Analogy: schema is the blueprint of a building; instance is the furniture and occupants inside.

One DBMS server can host multiple databases (e.g. postgres, myapp_prod). Each database has its own schema namespace. Catalog / system tables store metadata about schemas.

A strong answer is:

Schema is the logical design—tables and constraints; instance is the live data at a point in time; I do not confuse CREATE TABLE (schema) with INSERT (instance).

Three-schema architecture?

ANSI/SPARC three-level architecture separates concerns so storage changes do not break applications.

Level Name What it describes Audience
External View level User-specific views App developers, analysts
Conceptual Logical level Entities, relationships, constraints Data modelers
Internal Physical level Files, indexes, allocation DBAs, engine

Mapping layers translate between levels. Logical data independence: change conceptual schema with minimal external view changes. Physical data independence: move indexes or storage without rewriting apps.

A strong answer is:

Three-schema architecture separates user views, logical ER model, and physical storage—so I can add an index or split a table without rewriting every application query.

Major DBMS components?
Component Role
DDL processor Parses CREATE/ALTER/DROP; updates catalog
DML processor Runs INSERT/UPDATE/DELETE/SELECT
Query processor Parser → optimizer → execution plan
Storage manager Pages, buffers, disk I/O
Transaction manager ACID, commit/abort, isolation
Recovery manager WAL, checkpoint, crash recovery
Concurrency control Locks, timestamps, MVCC (engine-specific)

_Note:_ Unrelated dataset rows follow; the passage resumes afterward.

(* Let $n,d\ge1$, let $\sigma$ be a reflection of $\mathbb{Z}_n^d$ (with specified half-spaces $H^+,H^-$), and let $X$ be a lazy simple random walk on $\mathbb{Z}_n^d$. Then for all $t\ge1$, all $b\in\mathbb{Z}_n^d$ and all sets $D_1,\dots,D_t\subseteq\mathbb{Z}_n^d$, \[ \mathbb{P}\big(X_1\in D_1,\dots,X_t\in D_t\,\big|\,X_0\in\{b\}\big)\le\mathbb{P}\big(X_1\in D_1^\sigma,\dots,X_t\in D_t^\sigma\,\big|\,X_0\in\{b\}^\sigma\big). \]
   Context: $\mathbb{Z}_n^d$ is equipped with the graph distance of the torus (nearest-neighbour graph). A reflection of a metric space $(M,d)$ is an isometry $\sigma:M\to M$ together with a decomposition $M=H^0\sqcup H^+\sqcup H^-$ such that $\sigma^2x=x$ for all $x$, $H^0$ is the set of fixed points of $\sigma$, $\sigma H^+=H^-$, and $d(x,y)<d(x,\sigma y)$ for all $x,y\in H^+$. The two-point rearrangement of a set $A\subseteq M$ is $A^\sigma$ defined by $A^\sigma\cap H^+=(A\cup\sigma A)\cap H^+$, $A^\sigma\cap H^-=(A\cap\sigma A)\cap H^-$, $A^\sigma\cap H^0=A\cap H^0$ (note $\{b\}^\sigma$ is again a singleton). The lazy simple random walk on $\mathbb{Z}_n^d$ stays put with probability $1/2$ and otherwise moves from $x$ to $x\pm e_i$ ($i=1,\dots,d$), each with probability $1/(4d)$. *)

theory Defs
  imports Complex_Main "HOL-Library.FuncSet"
begin

text \<open>Points of the discrete torus Z_n^d are represented as functions nat => nat with
  coordinates x i < n for i < d and x i = 0 for i >= d (canonical representatives).\<close>

type_synonym point = "nat \<Rightarrow> nat"
(* Let $f:H_0\to H_1$ be an injective homomorphism of free left $\bar k[\sigma]$-modules of finite rank with $n:=\dim_{\bar k}\operatorname{coker}(f)<\infty$. Then $\#\ker\big(f\bmod(\sigma-1)\big)\le q^n$, with equality if and only if $f\bmod\sigma$ is bijective.
   Context: $\bar k$ is the algebraic closure of $k=\mathbb F_q(T)$ (a perfect field). $\bar k[\sigma]$ is the noncommutative polynomial ring over $\bar k$ in $\sigma$ with $\sigma x=x^{q^{-1}}\sigma$ for $x\in\bar k$. For a homomorphism $f:H_0\to H_1$ of left $\bar k[\sigma]$-modules, $f\bmod\sigma:H_0/\sigma H_0\to H_1/\sigma H_1$ and $f\bmod(\sigma-1):H_0/(\sigma-1)H_0\to H_1/(\sigma-1)H_1$ are the induced maps. *)

theory Defs
  imports "HOL-Algebra.Ring" "HOL-Algebra.AbelCoset" "HOL-Algebra.Module"
          "HOL-Computational_Algebra.Polynomial" "HOL-Computational_Algebra.Primes"
begin

text \<open>The whole type 'a is the field kbar.\<close>

definition Fq :: "nat \<Rightarrow> 'a::field set" where
  "Fq q = {x. x ^ q = x}"

definition FqT :: "nat \<Rightarrow> 'a::field \<Rightarrow> 'a set" where
  "FqT q T = {poly A T / poly B T | A B.
      (\<forall>i. coeff A i \<in> Fq q) \<and> (\<forall>i. coeff B i \<in> Fq q) \<and> poly B T \<noteq> 0}"

definition is_alg_closure_of_FqT :: "nat \<Rightarrow> 'a::field \<Rightarrow> bool" where
  "is_alg_closure_of_FqT q T \<longleftrightarrow>
     (\<exists>p e. prime p \<and> e > 0 \<and> q = p ^ e \<and> CHAR('a) = p)
   \<and> (\<forall>P :: 'a poly. P \<noteq> 0 \<and> (\<forall>i. coeff P i \<in> Fq q) \<longrightarrow> poly P T \<noteq> 0)
   \<and> (\<forall>P :: 'a poly. degree P > 0 \<longrightarrow> (\<exists>x. poly P x = 0))
   \<and> (\<forall>x::'a. \<exists>P. P \<noteq> 0 \<and> (\<forall>i. coeff P i \<in> FqT q T) \<and> poly P x = 0)"
(* Let $\Delta\ge 3$ and let $G$ be a connected finite simple graph with maximum degree $\Delta$ such that $G\in\mathcal{G}_\Delta$ and $G$ is not isomorphic to $K_{\Delta,\Delta}$. Then $\chi'_{ss}(G)\le\Delta^2-1$ and $\chi'_{(0,1)}(G)\le\Delta^2-1$.
   Context: $N(w)$ is the open neighborhood of a vertex $w$. For a positive integer $p$, $\mathcal{G}_p$ is the family of $p$-regular graphs on $2p$ vertices containing an edge $uv$ with $N(u)\cup N(v)=V(G)$. For $M\subseteq E(G)$, $G[V(M)]$ is the subgraph induced by the endvertices of edges of $M$; $M$ is a semistrong matching if every edge of $M$ is incident with a vertex of degree $1$ in $G[V(M)]$; $\chi'_{ss}(G)$ is the least $k$ such that the edges of $G$ can be colored with at most $k$ colors so that each color class is a semistrong matching. Two distinct edges are at distance $1$ if they share an endvertex, and at distance $2$ if they share no endvertex but some edge is adjacent to both. $\chi'_{(0,1)}(G)$ is the least $k$ such that the edges can be colored with at most $k$ colors so that for each edge $e$, no edge at distance $1$ and at most one edge at distance $2$ from $e$ has the color of $e$. $K_{\Delta,\Delta}$ is the complete bipartite graph with both parts of size $\Delta$. *)

theory Defs
  imports Main
begin

definition simple_graph :: "'a set \<Rightarrow> 'a set set \<Rightarrow> bool" where
  "simple_graph V E \<longleftrightarrow> finite V \<and> (\<forall>e\<in>E. e \<subseteq> V \<and> card e = 2)"

definition nbhd :: "'a set \<Rightarrow> 'a set set \<Rightarrow> 'a \<Rightarrow> 'a set" where
  "nbhd V E w = {u \<in> V. {u, w} \<in> E}"

definition degree :: "'a set \<Rightarrow> 'a set set \<Rightarrow> 'a \<Rightarrow> nat" where
  "degree V E w = card (nbhd V E w)"

definition max_degree :: "'a set \<Rightarrow> 'a set set \<Rightarrow> nat" where
  "max_degree V E = Max (degree V E ` V)"

definition regular :: "'a set \<Rightarrow> 'a set set \<Rightarrow> nat \<Rightarrow> bool" where
  "regular V E p \<longleftrightarrow> (\<forall>v\<in>V. degree V E v = p)"

definition connected_graph :: "'a set \<Rightarrow> 'a set set \<Rightarrow> bool" where
  "connected_graph V E \<longleftrightarrow>
     (\<forall>u\<in>V. \<forall>v\<in>V. (u, v) \<in> {(x, y). {x, y} \<in> E}\<^sup>*)"

definition in_G_family :: "'a set \<Rightarrow> 'a set set \<Rightarrow> nat \<Rightarrow> bool" where
  "in_G_family V E p \<longleftrightarrow> regular V E p \<and> card V = 2 * p \<and>
     (\<exists>u v. {u, v} \<in> E \<and> nbhd V E u \<union> nbhd V E v = V)"

definition Kbip_V :: "nat \<Rightarrow> (nat \<times> bool) set" where
  "Kbip_V n = {0..<n} \<times> UNIV"

definition Kbip_E :: "nat \<Rightarrow> (nat \<times> bool) set set" where
  "Kbip_E n = {{(i, False), (j, True)} | i j. i < n \<and> j < n}"

definition graph_iso :: "'a set \<Rightarrow> 'a set set \<Rightarrow> 'b set \<Rightarrow> 'b set set \<Rightarrow> bool" where
  "graph_iso V E V' E' \<longleftrightarrow> (\<exists>f. bij_betw f V V' \<and>
     (\<forall>x\<in>V. \<forall>y\<in>V. {x, y} \<in> E \<longleftrightarrow> {f x, f y} \<in> E'))"

definition is_matching :: "'a set set \<Rightarrow> 'a set set \<Rightarrow> bool" where
  "is_matching E M \<longleftrightarrow> M \<subseteq> E \<and> (\<forall>e\<in>M. \<forall>f\<in>M. e \<noteq> f \<longrightarrow> e \<inter> f = {})"

definition semistrong_matching :: "'a set set \<Rightarrow> 'a set set \<Rightarrow> bool" where
  "semistrong_matching E M \<longleftrightarrow> is_matching E M \<and>
     (\<forall>e\<in>M. \<exists>x\<in>e. card {y \<in> \<Union>M. {x, y} \<in> E} = 1)"

definition chi_ss :: "'a set \<Rightarrow> 'a set set \<Rightarrow> nat" where
  "chi_ss V E = (LEAST k. \<exists>c :: 'a set \<Rightarrow> nat. c ` E \<subseteq> {..<k} \<and>
      (\<forall>i. semistrong_matching E {e \<in> E. c e = i}))"

definition edge_dist1 :: "'a set \<Rightarrow> 'a set \<Rightarrow> bool" where
  "edge_dist1 e f \<longleftrightarrow> e \<noteq> f \<and> e \<inter> f \<noteq> {}"

definition edge_dist2 :: "'a set set \<Rightarrow> 'a set \<Rightarrow> 'a set \<Rightarrow> bool" where
  "edge_dist2 E e f \<longleftrightarrow> e \<noteq> f \<and> e \<inter> f = {} \<and> (\<exists>g\<in>E. g \<inter> e \<noteq> {} \<and> g \<inter> f \<noteq> {})"

definition chi_01 :: "'a set \<Rightarrow> 'a set set \<Rightarrow> nat" where
  "chi_01 V E = (LEAST k. \<exists>c :: 'a set \<Rightarrow> nat. c ` E \<subseteq> {..<k} \<and>
      (\<forall>e\<in>E. (\<forall>f\<in>E. edge_dist1 e f \<longrightarrow> c f \<noteq> c e) \<and>
              card {f \<in> E. edge_dist2 E e f \<and> c f = c e} \<le> 1))"

end

theory Submission
  imports Defs
begin

text \<open>A graph in \<open>\<G>\<^sub>\<Delta>\<close> is \<open>\<Delta>\<close>-regular on \<open>2\<Delta>\<close> vertices, so it has exactly \<open>\<Delta>\<^sup>2\<close> edges,
and the neighbourhoods of the ends of the dominating edge \<open>uv\<close> partition \<open>V\<close>. If both
neighbourhoods are independent the graph is \<open>K\<^sub>\<Delta>\<^sub>,\<^sub>\<Delta>\<close>. Otherwise there is an edge \<open>xy\<close> inside,
say, \<open>N(v)\<close>; as \<open>x\<close> has only \<open>\<Delta> - 1\<close> neighbours besides \<open>y\<close>, some \<open>w \<in> N(u)\<close> is not adjacent
to \<open>x\<close>, and then \<open>{uw, xy}\<close> is a semistrong matching of two disjoint edges. Giving these two
edges one common colour and every other edge its own colour uses \<open>\<Delta>\<^sup>2 - 1\<close> colours and is
both a semistrong and a \<open>(0,1)\<close>-colouring.\<close>

lemma simple_graph_finite_edges: "simple_graph V E \<Longrightarrow> finite E"
  unfolding simple_graph_def by (meson Pow_iff finite_Pow_iff rev_finite_subset subsetI)

lemma simple_graph_loop_free: "simple_graph V E \<Longrightarrow> {a, a} \<notin> E"
  unfolding simple_graph_def by force

lemma finite_nbhd: "simple_graph V E \<Longrightarrow> finite (nbhd V E x)"
  unfolding simple_graph_def nbhd_def by simp

lemma incident_edges_eq_image_nbhd:
  assumes "simple_graph V E" "x \<in> V"
  shows "{e \<in> E. x \<in> e} = (\<lambda>y. {x, y}) ` nbhd V E x"
proof (intro equalityI subsetI)
  fix e assume e: "e \<in> {e \<in> E. x \<in> e}"
  then have "e \<subseteq> V" "card e = 2" using assms unfolding simple_graph_def by auto
  then obtain y where "e = {x, y}" using e by (auto simp: card_2_iff)
  then show "e \<in> (\<lambda>y. {x, y}) ` nbhd V E x"
    using e \<open>e \<subseteq> V\<close> by (auto simp: nbhd_def insert_commute)
qed (auto simp: nbhd_def insert_commute)

lemma card_incident_edges:
  assumes "simple_graph V E" "x \<in> V"
  shows "card {e \<in> E. x \<in> e} = degree V E x"
proof -
  have "inj_on (\<lambda>y. {x, y}) (nbhd V E x)"
    by (auto simp: inj_on_def doubleton_eq_iff nbhd_def)
  then show ?thesis
    unfolding incident_edges_eq_image_nbhd[OF assms] degree_def by (rule card_image)
qed

lemma card_edges_regular:
  assumes "simple_graph V E" "regular V E d"
  shows "2 * card E = card V * d"
proof -
  have "(\<Sum>x\<in>V. card {e \<in> E. x \<in> e}) = 2 * card E"
  proof (rule sum_multicount)
    show "finite V" using assms(1) unfolding simple_graph_def by simp
    show "finite E" using assms(1) by (rule simple_graph_finite_edges)
    show "\<forall>e\<in>E. card {x \<in> V. x \<in> e} = 2"
      using assms(1) unfolding simple_graph_def by (metis (no_types) Int_absorb1 Int_def inf.commute)
  qed
  moreover have "(\<Sum>x\<in>V. card {e \<in> E. x \<in> e}) = card V * d"
    using assms by (simp add: card_incident_edges regular_def)
  ultimately show ?thesis by simp
qed

lemma semistrong_matching_empty: "semistrong_matching E {}"
  unfolding semistrong_matching_def is_matching_def by simp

Understanding the pipeline helps in interviews: "Why is this query slow?" → parse OK, bad plan or missing index or lock wait.

A strong answer is:

I name the query processor, storage manager, transaction manager, and recovery manager—then tie slow queries to optimizer plans and lock waits, not mysticism.

Common data models in DBMS?
Model Structure Example systems
Relational Tables, keys PostgreSQL, MySQL
Document JSON/BSON documents MongoDB
Key-value Opaque key → value Redis, DynamoDB
Column-family Wide columns per row key Cassandra, HBase
Graph Nodes and edges Neo4j
Hierarchical / Network Legacy models IMS, IDMS (historical)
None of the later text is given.